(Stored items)
(* In $M_2(\mathbb{C})[x]$ let $\beta_0=e_{12}$ and $\beta_1=Ix+e_{21}x^2$. Then the set $$\{\beta_1^j\beta_0: j\ge0\}\cup\{\beta_1^j\beta_0\beta_1\beta_0: j\ge0\}$$ is linearly independent over $\mathbb{C}$.
   Context: $e_{r,s}$ denotes the $2\times2$ matrix with $1$ in entry $(r,s)$ and zeros elsewhere; $I$ is the identity matrix. *)

theory Defs
  imports "HOL-Analysis.Analysis" "HOL-Computational_Algebra.Polynomial"
begin

text \<open>M_2(C)[x] is represented via the canonical ring isomorphism
  M_2(C)[x] = M_2(C[x]): 2x2 matrices with entries in complex polynomials,
  multiplied with the matrix product (**).\<close>

type_synonym mpoly2 = "complex poly ^ 2 ^ 2"

definition mpow :: "mpoly2 \<Rightarrow> nat \<Rightarrow> mpoly2" where
  "mpow A n = (((**) A) ^^ n) (mat 1)"

definition csmult :: "complex \<Rightarrow> mpoly2 \<Rightarrow> mpoly2" where
  "csmult c M = (\<chi> i j. smult c (M $ i $ j))"

definition e12 :: mpoly2 where
  "e12 = (\<chi> i j. if i = 1 \<and> j = 2 then 1 else 0)"

definition e21 :: mpoly2 where
  "e21 = (\<chi> i j. if i = 2 \<and> j = 1 then 1 else 0)"

definition beta0 :: mpoly2 where
  "beta0 = e12"

definition beta1 :: mpoly2 where
  "beta1 = mat [:0, 1:] + (\<chi> i j. [:0, 0, 1:] * e21 $ i $ j)"

end

theory Submission
  imports Defs
begin

(* With p = sum c_j x^j and q = sum d_j x^j, one computes
   beta1^j beta0 = [[0, x^j], [0, j x^(j+1)]] and beta0 beta1 beta0 = x^2 beta0, so the second
   column of the linear combination is (p + x^2 q, x^2 (p' + x^2 q')). If it vanishes,
   differentiating p + x^2 q = 0 and subtracting p' + x^2 q' = 0 leaves 2 x q = 0;
   hence q = 0 and then p = 0. *)

lemma pderiv_sum: "pderiv (\<Sum>x\<in>A. f x) = (\<Sum>x\<in>A. pderiv (f x))"
  by (induction A rule: infinite_finite_induct) (simp_all add: pderiv_add)

lemma coeff_sum_monom_lessThan:
  "coeff (\<Sum>j<N. monom (c j) j) k = (if k < N then c k else 0)"
  by (simp add: coeff_sum coeff_monom)

lemma eq_0_if_pderiv_cancel:
  fixes p q r :: "'a::idom poly"
  assumes "p + r * q = 0" and "pderiv p + r * pderiv q = 0" and "pderiv r \<noteq> 0"
  shows "q = 0"
proof -
  have "pderiv (p + r * q) = pderiv p + r * pderiv q + pderiv r * q"
    by (simp add: pderiv_add pderiv_mult algebra_simps)
  with assms have "pderiv r * q = 0"
    by simp
  with assms(3) show ?thesis
    by simp
qed

definition mat2 :: "complex poly \<Rightarrow> complex poly \<Rightarrow> complex poly \<Rightarrow> complex poly \<Rightarrow> mpoly2" where
  "mat2 a b c d = (\<chi> i j. if i = 1 then (if j = 1 then a else b) else (if j = 1 then c else d))"

lemma mat2_nth [simp]:
  "mat2 a b c d $ 1 $ 1 = a" "mat2 a b c d $ 1 $ 2 = b"
  "mat2 a b c d $ 2 $ 1 = c" "mat2 a b c d $ 2 $ 2 = d"
  by (simp_all add: mat2_def)

lemma mat2_eq_0_iff [simp]: "mat2 a b c d = 0 \<longleftrightarrow> a = 0 \<and> b = 0 \<and> c = 0 \<and> d = 0"
  by (auto simp: vec_eq_iff forall_2)

lemma mat2_mult:
  "mat2 a b c d ** mat2 a' b' c' d' = mat2 (a*a' + b*c') (a*b' + b*d') (c*a' + d*c') (c*b' + d*d')"
  by (simp add: matrix_matrix_mult_def vec_eq_iff forall_2 sum_2)

lemma mat2_add:
  "mat2 a b c d + mat2 a' b' c' d' = mat2 (a + a') (b + b') (c + c') (d + d')"
  by (simp add: vec_eq_iff forall_2)

lemma sum_mat2:
  "(\<Sum>j\<in>A. mat2 (a j) (b j) (c j) (d j)) = mat2 (sum a A) (sum b A) (sum c A) (sum d A)"
  by (simp add: vec_eq_iff forall_2)

lemma csmult_mat2: "csmult k (mat2 a b c d) = mat2 (smult k a) (smult k b) (smult k c) (smult k d)"
  by (simp add: csmult_def vec_eq_iff forall_2)

lemma mat_1_eq_mat2: "mat 1 = mat2 1 0 0 1"
  by (simp add: mat_def vec_eq_iff forall_2)

lemma beta0_eq_mat2: "beta0 = mat2 0 1 0 0"
  by (simp add: beta0_def e12_def vec_eq_iff forall_2)

lemma beta1_eq_mat2: "beta1 = mat2 (monom 1 1) 0 (monom 1 2) (monom 1 1)"
  by (simp add: beta1_def e21_def mat_def vec_eq_iff forall_2 monom_altdef power2_eq_square)

lemma mpow_beta1: "mpow beta1 j = mat2 (monom 1 j) 0 (monom (of_nat j) (j + 1)) (monom 1 j)"
proof (induction j)
  case 0
  then show ?case by (simp add: mpow_def mat_1_eq_mat2)
next
  case (Suc j)
  have "mpow beta1 (Suc j) = beta1 ** mpow beta1 j"
    by (simp add: mpow_def)
  also have "\<dots> = mat2 (monom 1 (Suc j)) 0 (monom (of_nat (Suc j)) (Suc j + 1)) (monom 1 (Suc j))"
    unfolding Suc.IH by (simp add: beta1_eq_mat2 mat2_mult mult_monom add_monom algebra_simps)
  finally show ?case .
qed

lemma mpow_beta1_mult_beta0:
  "mpow beta1 j ** beta0 = mat2 0 (monom 1 j) 0 (monom 1 2 * pderiv (monom 1 j))"
  by (cases j) (simp_all add: mpow_beta1 beta0_eq_mat2 mat2_mult pderiv_monom mult_monom)

lemma mpow_beta1_mult_beta0_beta1_beta0:
  "mpow beta1 j ** beta0 ** beta1 ** beta0
     = mat2 0 (monom 1 2 * monom 1 j) 0 (monom 1 2 * (monom 1 2 * pderiv (monom 1 j)))"
  unfolding mpow_beta1
  by (cases j) (simp_all add: beta0_eq_mat2 beta1_eq_mat2 mat2_mult pderiv_monom mult_monom)

lemma sum_mpow_beta1_mult_beta0:
  "(\<Sum>j\<in>A. csmult (c j) (mpow beta1 j ** beta0))
     = mat2 0 (\<Sum>j\<in>A. monom (c j) j) 0 (monom 1 2 * pderiv (\<Sum>j\<in>A. monom (c j) j))"
proof -
  have "csmult (c j) (mpow beta1 j ** beta0)
      = mat2 0 (monom (c j) j) 0 (monom 1 2 * pderiv (monom (c j) j))" for j
    by (simp add: mpow_beta1_mult_beta0 csmult_mat2 smult_monom pderiv_monom mult_monom mult.commute)
  then show ?thesis
    by (simp add: sum_mat2 pderiv_sum sum_distrib_left)
qed

lemma sum_mpow_beta1_mult_beta0_beta1_beta0:
  "(\<Sum>j\<in>A. csmult (d j) (mpow beta1 j ** beta0 ** beta1 ** beta0))
     = mat2 0 (monom 1 2 * (\<Sum>j\<in>A. monom (d j) j)) 0
         (monom 1 2 * (monom 1 2 * pderiv (\<Sum>j\<in>A. monom (d j) j)))"
proof -
  have "csmult (d j) (mpow beta1 j ** beta0 ** beta1 ** beta0)
      = mat2 0 (monom 1 2 * monom (d j) j) 0 (monom 1 2 * (monom 1 2 * pderiv (monom (d j) j)))" for j
    by (simp add: mpow_beta1_mult_beta0_beta1_beta0 csmult_mat2 smult_monom pderiv_monom mult_monom
        mult.commute)
  then show ?thesis
    by (simp add: sum_mat2 pderiv_sum sum_distrib_left)
qed

theorem proposition2:
  fixes c d :: "nat \<Rightarrow> complex" and N :: nat
  assumes "(\<Sum>j<N. csmult (c j) (mpow beta1 j ** beta0))
         + (\<Sum>j<N. csmult (d j) (mpow beta1 j ** beta0 ** beta1 ** beta0)) = 0"
  shows "\<forall>j<N. c j = 0 \<and> d j = 0"
proof -
  define p where "p = (\<Sum>j<N. monom (c j) j)"
  define q where "q = (\<Sum>j<N. monom (d j) j)"
  define x2 :: "complex poly" where "x2 = monom 1 2"
  have "p + x2 * q = 0" and "x2 * (pderiv p + x2 * pderiv q) = 0"
    using assms unfolding sum_mpow_beta1_mult_beta0 sum_mpow_beta1_mult_beta0_beta1_beta0
    by (simp_all add: mat2_add p_def q_def x2_def algebra_simps)
  moreover have "x2 \<noteq> 0" and "pderiv x2 \<noteq> 0"
    by (simp_all add: x2_def pderiv_monom)
  ultimately have "q = 0" and "p = 0"
    using eq_0_if_pderiv_cancel[of p x2 q] by auto
  then show ?thesis
    using coeff_sum_monom_lessThan[of c N] coeff_sum_monom_lessThan[of d N]
    by (metis p_def q_def coeff_0)
qed

end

- [WORK ORDER] Look above for the line holding "theory Submission", then set down exactly that line and every line after it up to and including the line holding "(\<Sum>x\<in>A. f x)", with nothing else.

- [ANSWER AREA]
theory Submission
  imports Defs
begin

(* With p = sum c_j x^j and q = sum d_j x^j, one computes
   beta1^j beta0 = [[0, x^j], [0, j x^(j+1)]] and beta0 beta1 beta0 = x^2 beta0, so the second
   column of the linear combination is (p + x^2 q, x^2 (p' + x^2 q')). If it vanishes,
   differentiating p + x^2 q = 0 and subtracting p' + x^2 q' = 0 leaves 2 x q = 0;
   hence q = 0 and then p = 0. *)

lemma pderiv_sum: "pderiv (\<Sum>x\<in>A. f x) = (\<Sum>x\<in>A. pderiv (f x))"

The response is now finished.